TASK OBJECTIVE:
Find how many lines of the following entries contain "lemma". Reply with the number alone.

[RECORDS SUPPLIED Boundary: Start]

lemma completely_regular_bump:
  assumes "completely_regular_space X" "openin X U" "x \<in> U"
  obtains h where "h \<in> CX X" "\<forall>y\<in>topspace X. 0 \<le> h y \<and> h y \<le> 1" "h x = 1"
    "\<forall>y. y \<notin> U \<longrightarrow> h y = 0"
proof -
  obtain f where f: "continuous_map X euclideanreal f" "f x = 0" "f ` (topspace X - U) \<subseteq> {1}"
    using assms unfolding completely_regular_space_alt' by blast
  define h where "h y = (if y \<in> topspace X then max 0 (min 1 (1 - f y)) else 0)" for y
  have "h \<in> CX X"
    unfolding h_def using f(1) by (intro CX_restrict continuous_intros) auto
  moreover have "x \<in> topspace X"
    using assms openin_subset by blast
  ultimately show thesis
    using f(2,3) by (intro that[of h]) (force simp: h_def)+
qed

lemma cozero_set_bump:
  assumes "is_cozero_set X Z" "y \<in> Z"
  obtains h where "h \<in> CX X" "\<forall>x\<in>topspace X. 0 \<le> h x \<and> h x \<le> 1" "h y = 1"
    "\<forall>x. x \<notin> Z \<longrightarrow> h x = 0"
proof -
  obtain f where f: "continuous_map X euclideanreal f" "Z = cozero_set X f"
    using assms(1) unfolding is_cozero_set_def by blast
  have y: "f y \<noteq> 0" "y \<in> topspace X"
    using assms(2) f(2) by (auto simp: cozero_set_def)
  define h where "h x = (if x \<in> topspace X then min 1 (\<bar>f x\<bar> / \<bar>f y\<bar>) else 0)" for x
  have "h \<in> CX X"
    unfolding h_def using f(1) y(1) by (intro CX_restrict continuous_intros) auto
  then show thesis
    using f(2) y by (intro that[of h]) (auto simp: h_def cozero_set_def)
qed

lemma completely_regular_bump_family:
  assumes cr: "completely_regular_space X" and \<U>: "\<forall>U\<in>\<U>. openin X U \<and> U \<noteq> {}"
  obtains h x where "\<And>U. U \<in> \<U> \<Longrightarrow> h U \<in> CX X"
    "\<And>U y. U \<in> \<U> \<Longrightarrow> y \<in> topspace X \<Longrightarrow> 0 \<le> h U y \<and> h U y \<le> 1"
    "\<And>U. U \<in> \<U> \<Longrightarrow> x U \<in> topspace X \<and> h U (x U) = 1"
    "\<And>U y. U \<in> \<U> \<Longrightarrow> y \<notin> U \<Longrightarrow> h U y = 0"
proof -
  define P where "P U h x \<longleftrightarrow> h \<in> CX X \<and> (\<forall>y\<in>topspace X. 0 \<le> h y \<and> h y \<le> 1)
      \<and> x \<in> topspace X \<and> h x = 1 \<and> (\<forall>y. y \<notin> U \<longrightarrow> h y = 0)" for U h x
  have "\<exists>h x. P U h x" if U: "U \<in> \<U>" for U
  proof -
    obtain x where x: "x \<in> U"
      using \<U> U by blast
    have "openin X U"
      using \<U> U by blast
    then obtain h where "h \<in> CX X" "\<forall>y\<in>topspace X. 0 \<le> h y \<and> h y \<le> 1" "h x = 1"
        "\<forall>y. y \<notin> U \<longrightarrow> h y = 0"
      using completely_regular_bump[OF cr _ x] by metis
    moreover have "x \<in> topspace X"
      using \<open>openin X U\<close> x openin_subset by blast
    ultimately show ?thesis
      unfolding P_def by blast
  qed
  then obtain h where "\<forall>U\<in>\<U>. \<exists>x. P U (h U) x"
    using bchoice[of \<U> "\<lambda>U h. \<exists>x. P U h x"] by blast
  then obtain x where "\<forall>U\<in>\<U>. P U (h U) (x U)"
    using bchoice[of \<U> "\<lambda>U x. P U (h U) x"] by blast
  then show thesis
    by (intro that[of h x]) (simp_all add: P_def)
qed

subsection \<open>CCC and CCC for cozero sets\<close>

lemma ccc_space_imp_ccc_cozero: "ccc_space X \<Longrightarrow> ccc_cozero X"
  unfolding ccc_space_def ccc_cozero_def by (meson openin_cozero_set)

lemma ccc_cozero_imp_ccc_space:
  assumes "completely_regular_space X" "ccc_cozero X"
  shows "ccc_space X"
proof (rule ccc_spaceI)
  fix \<U> assume \<U>: "\<forall>U\<in>\<U>. openin X U \<and> U \<noteq> {}" "pairwise disjnt \<U>"
  obtain h x where h: "\<And>U. U \<in> \<U> \<Longrightarrow> h U \<in> CX X"
    "\<And>U. U \<in> \<U> \<Longrightarrow> x U \<in> topspace X \<and> h U (x U) = 1"
    "\<And>U y. U \<in> \<U> \<Longrightarrow> y \<notin> U \<Longrightarrow> h U y = 0"
    using completely_regular_bump_family[OF assms(1) \<U>(1)] by metis
  define Z where "Z U = cozero_set X (h U)" for U
  have Z: "is_cozero_set X (Z U) \<and> Z U \<subseteq> U \<and> Z U \<noteq> {}" if "U \<in> \<U>" for U
    using h[OF that] unfolding Z_def is_cozero_set_def cozero_set_def CX_def by force
  have inj: "inj_on Z \<U>" and disj: "pairwise disjnt (Z ` \<U>)"
    using pairwise_disjnt_shrink[OF \<U>(2), of Z] Z by simp_all
  have "countable (Z ` \<U>)"
    using assms(2) disj Z unfolding ccc_cozero_def by (metis imageE)
  then show "countable \<U>"
    using inj countable_image_inj_on by blast
qed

[RECORDS SUPPLIED Boundary: End]

WRITTEN ANSWER:
5